__DATA__

lemma to_chain_cycle_gens_subset:
  fixes f :: "'a set \<Rightarrow> real"
  assumes ford: "\<forall>i<n. \<forall>j<n. f (L!i) < f (L!j) \<longrightarrow> i < j" and t: "t < n"
  shows "to_chain ` cycle_gens p (Suc t)
    \<subseteq> vec_of ` {\<zeta> \<in> set (ess_cycles L p). Max (f ` \<zeta>) \<le> f (L!t)} \<union> vec_of ` boundaries K p"
proof
  fix y assume "y \<in> to_chain ` cycle_gens p (Suc t)"
  then consider (ess) s where "s \<in> set (ess_idx L p)" "s \<le> t" "y = to_chain (vec_of (snd (red!s)))"
    | (bd) k where "k < n" "card (L!k) = p + 2" "y = to_chain (vec_of (fst (red!k)))"
    unfolding cycle_gens_def by auto
  then show "y \<in> vec_of ` {\<zeta> \<in> set (ess_cycles L p). Max (f ` \<zeta>) \<le> f (L!t)} \<union> vec_of ` boundaries K p"
  proof cases
    case ess
    have sn: "s < n" using ess(1) ess_idx_iff by blast
    have c: "reduced_column L s (red!s)" by (rule red_reduced_column[OF sn])
    let ?\<zeta> = "nth L ` snd (red!s)"
    have "snd (red!s) \<subseteq> {..<n}" using reduced_columnD(2)[OF c] sn by auto
    then have y: "y = vec_of ?\<zeta>" using ess(3) to_chain_vec_of by simp
    have "f \<sigma> \<le> f (L!t)" if \<sigma>: "\<sigma> \<in> ?\<zeta>" for \<sigma>
    proof -
      obtain k where k: "k \<in> snd (red!s)" "\<sigma> = L!k" using \<sigma> by auto
      then have "k \<le> t" using reduced_columnD(2)[OF c] ess(2) by auto
      then show ?thesis using ford k t by (metis le_less_trans not_le)
    qed
    moreover have "finite ?\<zeta>" "?\<zeta> \<noteq> {}" using reduced_columnD(1,3)[OF c] by auto
    ultimately have "Max (f ` ?\<zeta>) \<le> f (L!t)" by simp
    moreover have "?\<zeta> \<in> set (ess_cycles L p)" using ess(1) unfolding ess_cycles_def by auto
    ultimately show ?thesis using y by blast
  next
    case bd
    have c: "reduced_column L k (red!k)" by (rule red_reduced_column[OF bd(1)])
    have "y = vec_of (nth L ` fst (red!k))" using bd(3) to_chain_vec_of[OF reduced_columnD(4)[OF c]] by simp
    then show ?thesis using red_column_in_boundaries[OF bd(1,2)] by blast
  qed
qed

lemma cycle_in_span_ess_cycles:
  fixes f :: "'a set \<Rightarrow> real"
  assumes ford: "\<forall>i<n. \<forall>j<n. f (L!i) < f (L!j) \<longrightarrow> i < j"
    and eta: "\<eta> \<in> cycles K p" "\<eta> \<noteq> {}"
  shows "vec_of \<eta> \<in> F2.span (vec_of ` {\<zeta> \<in> set (ess_cycles L p). Max (f ` \<zeta>) \<le> Max (f ` \<eta>)} \<union> vec_of ` boundaries K p)"
proof -
  obtain W where W: "W \<subseteq> {..<n}" "\<eta> = nth L ` W" "\<forall>i\<in>W. card (L!i) = p + 1" "(\<Sum>k\<in>W. D k) = 0"
    using cycle_index_set[OF eta(1)] .
  have fW: "finite W" using W(1) finite_subset by blast
  define t where "t = Max W"
  have "W \<noteq> {}" using eta(2) W(2) by blast
  then have t: "t \<in> W" "W \<subseteq> {..<Suc t}"
    unfolding t_def using fW Max_in Max_ge by (blast, fastforce simp: less_Suc_eq_le)
  have tn: "t < n" using t W(1) by auto
  have "vec_of W \<in> F2.span (cycle_gens p (Suc t))"
    by (rule cycle_in_span_cycle_gens[OF t(2)]) (use W in auto)
  then have "vec_of \<eta> \<in> F2.span (to_chain ` cycle_gens p (Suc t))"
    using to_chain_span to_chain_vec_of[OF W(1)] W(2) by metis
  moreover have "f (L!t) \<le> Max (f ` \<eta>)" using t(1) W(2) fW by (simp add: Max_ge)
  then have "{\<zeta> \<in> set (ess_cycles L p). Max (f ` \<zeta>) \<le> f (L!t)}
      \<subseteq> {\<zeta> \<in> set (ess_cycles L p). Max (f ` \<zeta>) \<le> Max (f ` \<eta>)}" by auto
  then have "to_chain ` cycle_gens p (Suc t)
      \<subseteq> vec_of ` {\<zeta> \<in> set (ess_cycles L p). Max (f ` \<zeta>) \<le> Max (f ` \<eta>)} \<union> vec_of ` boundaries K p"
    using to_chain_cycle_gens_subset[OF ford tn] by blast
  then have "F2.span (to_chain ` cycle_gens p (Suc t))
      \<subseteq> F2.span (vec_of ` {\<zeta> \<in> set (ess_cycles L p). Max (f ` \<zeta>) \<le> Max (f ` \<eta>)} \<union> vec_of ` boundaries K p)"
    by (rule F2.span_mono)
  ultimately show ?thesis by blast
qed

end

section \<open>The greedy selection\<close>

lemma greedy_append: "\<exists>ys. greedy K p acc xs = acc @ ys"
proof (induct xs arbitrary: acc)
  case Nil then show ?case by simp
next
  case (Cons z zs)
  obtain ys where "greedy K p (if in_hspan K p z (set acc) then acc else acc @ [z]) zs =
    (if in_hspan K p z (set acc) then acc else acc @ [z]) @ ys" using Cons by blast
  then show ?case by (cases "in_hspan K p z (set acc)") auto
qed

lemma greedy_set: "set (greedy K p acc xs) \<subseteq> set acc \<union> set xs"
proof (induct xs arbitrary: acc)
  case Nil then show ?case by simp
next
  case (Cons z zs)
  have "set (greedy K p (if in_hspan K p z (set acc) then acc else acc @ [z]) zs) \<subseteq>
     set (if in_hspan K p z (set acc) then acc else acc @ [z]) \<union> set zs" by (rule Cons)
  moreover have "set (if in_hspan K p z (set acc) then acc else acc @ [z]) \<subseteq> set acc \<union> {z}" by auto
  ultimately show ?case by auto
qed

lemma greedy_split: "greedy K p acc (xs @ ys) = greedy K p (greedy K p acc xs) ys"
  by (induct xs arbitrary: acc) auto

context
  fixes K :: "'a set set" and p :: nat and B0 :: "('a set \<Rightarrow> bit) set"
  assumes sc: "simplicial_complex K"
    and B0: "B0 \<subseteq> vec_of ` boundaries K p" "vec_of ` boundaries K p \<subseteq> F2.span B0" "F2.independent B0"
begin

lemma in_hspan_iff_basis: "finite S \<Longrightarrow> in_hspan K p z S \<longleftrightarrow> vec_of z \<in> F2.span (vec_of ` S \<union> B0)"
  using in_hspan_iff[OF sc] span_Un_basis[OF B0(1,2)] by blast

lemma greedy_span: "\<forall>x \<in> set acc \<union> set xs. vec_of x \<in> F2.span (vec_of ` set (greedy K p acc xs) \<union> B0)"
proof (induct xs arbitrary: acc)
  case Nil
  show ?case by (auto intro!: F2.span_base)
next
  case (Cons z zs)
  define acc' where "acc' = (if in_hspan K p z (set acc) then acc else acc @ [z])"
  have g: "greedy K p acc (z # zs) = greedy K p acc' zs" unfolding acc'_def by simp
  have IH: "\<forall>x\<in>set acc' \<union> set zs. vec_of x \<in> F2.span (vec_of ` set (greedy K p acc' zs) \<union> B0)" by (rule Cons)
  have accs: "set acc \<subseteq> set acc'" unfolding acc'_def by auto
  have zin: "vec_of z \<in> F2.span (vec_of ` set (greedy K p acc' zs) \<union> B0)"
  proof (cases "in_hspan K p z (set acc)")
    case True
    then have "vec_of z \<in> F2.span (vec_of ` set acc \<union> B0)" using in_hspan_iff_basis[OF finite_set] by blast
    moreover have "vec_of ` set acc \<subseteq> F2.span (vec_of ` set (greedy K p acc' zs) \<union> B0)"
      using IH accs by blast
    moreover have "B0 \<subseteq> F2.span (vec_of ` set (greedy K p acc' zs) \<union> B0)"
      using F2.span_superset[of "vec_of ` set (greedy K p acc' zs) \<union> B0"] by blast
    ultimately show ?thesis using span_subset_span[of "vec_of ` set acc \<union> B0"] by blast
  next
    case False then have "z \<in> set acc'" unfolding acc'_def by simp
    then show ?thesis using IH by blast
  qed
  show ?case unfolding g using IH accs zin by auto
qed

__WHAT NEEDS TO BE DONE__
Count every line in the preceding entries where the string "unfolding" appears, then state only the total.

__RESPONSE TO THE EXERCISE__
7